**TRY IT:** Every line in the data below that has the word "list" should be returned.

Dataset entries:
lemma morph_upt_eq_power_if_congruent_cuts:
  assumes "[] \<notin> range h"
    and window: "\<And>i. i < l * length x \<Longrightarrow> morph_inf h w (j + i) = x ! (i mod length x)"
    and "a \<le> b" and "j \<le> cut_pos h w a" and "cut_pos h w b < j + l * length x"
    and "(cut_pos h w a - j) mod length x = r" and "(cut_pos h w b - j) mod length x = r"
  shows "\<exists>m. morph h (map w [a..<b]) = concat (replicate m (rotate r x))"
proof -
  have ordered: "cut_pos h w a \<le> cut_pos h w b"
    using strict_mono_less_eq[OF strict_mono_cut_pos[OF assms(1)]] \<open>a \<le> b\<close> by simp
  then have "length x dvd (cut_pos h w b - j) - (cut_pos h w a - j)"
    using assms(6,7) mod_eq_dvd_iff_nat[of "cut_pos h w a - j" "cut_pos h w b - j" "length x"]
      diff_le_mono[OF ordered, of j] by simp
  then have "length x dvd cut_pos h w b - cut_pos h w a"
    using assms(4) ordered by simp
  then obtain m where len: "cut_pos h w b - cut_pos h w a = m * length x"
    by (metis dvd_def mult.commute)
  have "morph h (map w [a..<b]) =
      map (\<lambda>t. morph_inf h w (cut_pos h w a + t)) [0..<m * length x]"
    using morph_upt_eq_morph_inf_factor[OF assms(1) \<open>a \<le> b\<close>, of w] unfolding len .
  also have "\<dots> = concat (replicate m (rotate r x))"
  proof -
    have "cut_pos h w a + m * length x \<le> j + l * length x"
      using assms(5) ordered len by linarith
    then show ?thesis
      using factor_of_power_window[of l x "morph_inf h w" j "cut_pos h w a" m] window assms(4,6)
      by simp
  qed
  finally show ?thesis ..
qed

lemma exists_cut_positions_with_power_images:
  fixes w :: "nat \<Rightarrow> 'a::finite" and h :: "'a \<Rightarrow> 'b list"
  assumes "[] \<notin> range h" and "x \<noteq> []"
    and powers: "\<forall>l. concat (replicate l x) \<in> Fact (l * length x) (morph_inf h w)"
  shows "\<exists>F y. finite F \<and> N < card F \<and> (\<forall>a\<in>F. \<forall>b\<in>F. a \<le> b \<longrightarrow>
    (\<exists>m. morph h (map w [a..<b]) = concat (replicate m y)))"
proof -
  define p where "p = length x"
  define L where "L = Max (range (\<lambda>a. length (h a)))"
  define K where "K = (N + 1) * p"
  define l where "l = (N + 1) * L"
  have L_bound: "length (h a) \<le> L" for a
    unfolding L_def by (rule Max_ge) auto
  have "0 < p"
    using \<open>x \<noteq> []\<close> unfolding p_def by simp
  obtain j where "concat (replicate l x) = map (\<lambda>i. morph_inf h w (j + i)) [0..<l * p]"
    using powers unfolding Fact_def p_def by blast
  then have window: "morph_inf h w (j + i) = x ! (i mod p)" if "i < l * p" for i
    using that nth_concat_replicate[of i l x] arg_cong[of _ _ "\<lambda>z. z ! i"] unfolding p_def
    by fastforce
  obtain s where cuts: "\<forall>k<K. j \<le> cut_pos h w (s + k) \<and> cut_pos h w (s + k) < j + K * L"
    using exists_cut_positions_in_window[OF assms(1) L_bound] by blast
  have "K * L = l * p"
    unfolding K_def l_def by (simp only: mult_ac)
  then have cut_in_window: "j \<le> cut_pos h w i \<and> cut_pos h w i < j + l * p"
    if "i \<in> {s..<s + K}" for i
    using cuts[rule_format, of "i - s"] that by (simp add: less_diff_conv2)
  define residue where "residue i = (cut_pos h w i - j) mod p" for i
  obtain r where "K \<le> card (residue -` {r} \<inter> {s..<s + K}) * card {..<p}"
    using pigeonhole_card[of residue "{s..<s + K}" "{..<p}"] \<open>0 < p\<close>
    unfolding residue_def by auto
  define F where "F = residue -` {r} \<inter> {s..<s + K}"
  have "N < card F"
    using \<open>K \<le> card (residue -` {r} \<inter> {s..<s + K}) * card {..<p}\<close> \<open>0 < p\<close>
    unfolding F_def K_def by (metis Suc_eq_plus1 Suc_le_eq card_lessThan mult_le_cancel2)
  moreover have "\<exists>m. morph h (map w [a..<b]) = concat (replicate m (rotate r x))"
    if "a \<in> F" "b \<in> F" "a \<le> b" for a b
  proof (rule morph_upt_eq_power_if_congruent_cuts[OF assms(1) window[unfolded p_def] \<open>a \<le> b\<close>])
    show "j \<le> cut_pos h w a" "cut_pos h w b < j + l * length x"
      using that(1,2) cut_in_window unfolding F_def p_def by auto
    show "(cut_pos h w a - j) mod length x = r" "(cut_pos h w b - j) mod length x = r"
      using that(1,2) unfolding F_def residue_def p_def by auto
  qed
  moreover have "finite F"
    unfolding F_def by simp
  ultimately show ?thesis
    by blast
qed

lemma limsup_eq_PInfty_if_unbounded:
  fixes f :: "nat \<Rightarrow> ereal"
  assumes "\<And>N. 0 < N \<Longrightarrow> \<exists>n\<ge>N. ereal (real N) \<le> f n"
  shows "limsup f = \<infinity>"
proof -
  have "(SUP m\<in>{n..}. f m) = \<infinity>" for n
  proof -
    have "\<exists>m\<in>{n..}. z < f m" if "z < \<infinity>" for z
    proof -
      obtain k :: nat where "z < ereal (real k)"
        using \<open>z < \<infinity>\<close> less_PInf_Ex_of_nat by auto
      moreover obtain m where "max n k + 1 \<le> m" "ereal (real (max n k + 1)) \<le> f m"
        using assms[of "max n k + 1"] by auto
      moreover have "ereal (real k) \<le> ereal (real (max n k + 1))"
        by simp
      ultimately show ?thesis
        by (meson atLeast_iff le_trans max.cobounded1 le_add1 order.strict_trans2)
    qed
    then show ?thesis
      by (simp add: top_ereal_def[symmetric])
  qed
  then show ?thesis
    by (simp add: limsup_INF_SUP)
qed

theorem lemma15:
  fixes w :: "nat \<Rightarrow> 'a::finite" and h :: "'a \<Rightarrow> 'b::finite list" and x :: "'b list"
  assumes "inj (morph h)"
    and "x \<noteq> []"
    and "\<forall>l::nat. concat (replicate l x) \<in> Fact (l * length x) (morph_inf h w)"
  shows "ACE w = \<infinity>"
  unfolding ACE_def
proof (rule limsup_eq_PInfty_if_unbounded)
  fix N :: nat
  assume "0 < N"
  obtain F y where "finite F" "N < card F"
    and "\<forall>a\<in>F. \<forall>b\<in>F. a \<le> b \<longrightarrow> (\<exists>m. morph h (map w [a..<b]) = concat (replicate m y))"
    using exists_cut_positions_with_power_images[OF Nil_notin_range_if_inj_morph[OF assms(1)] assms(2,3)]
    by blast
  then obtain n u where "N \<le> n" "u \<in> Fact n w" "ereal (real N) \<le> E u"
    using exists_factor_with_exponent_if_power_images[OF assms(1) _ \<open>0 < N\<close>] by meson
  then show "\<exists>n\<ge>N. ereal (real N) \<le> Sup (E ` Fact n w)"
    by (meson SUP_upper2)
qed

**RESULT BELOW:**
  fixes w :: "nat \<Rightarrow> 'a::finite" and h :: "'a \<Rightarrow> 'b list"
  fixes w :: "nat \<Rightarrow> 'a::finite" and h :: "'a \<Rightarrow> 'b::finite list" and x :: "'b list"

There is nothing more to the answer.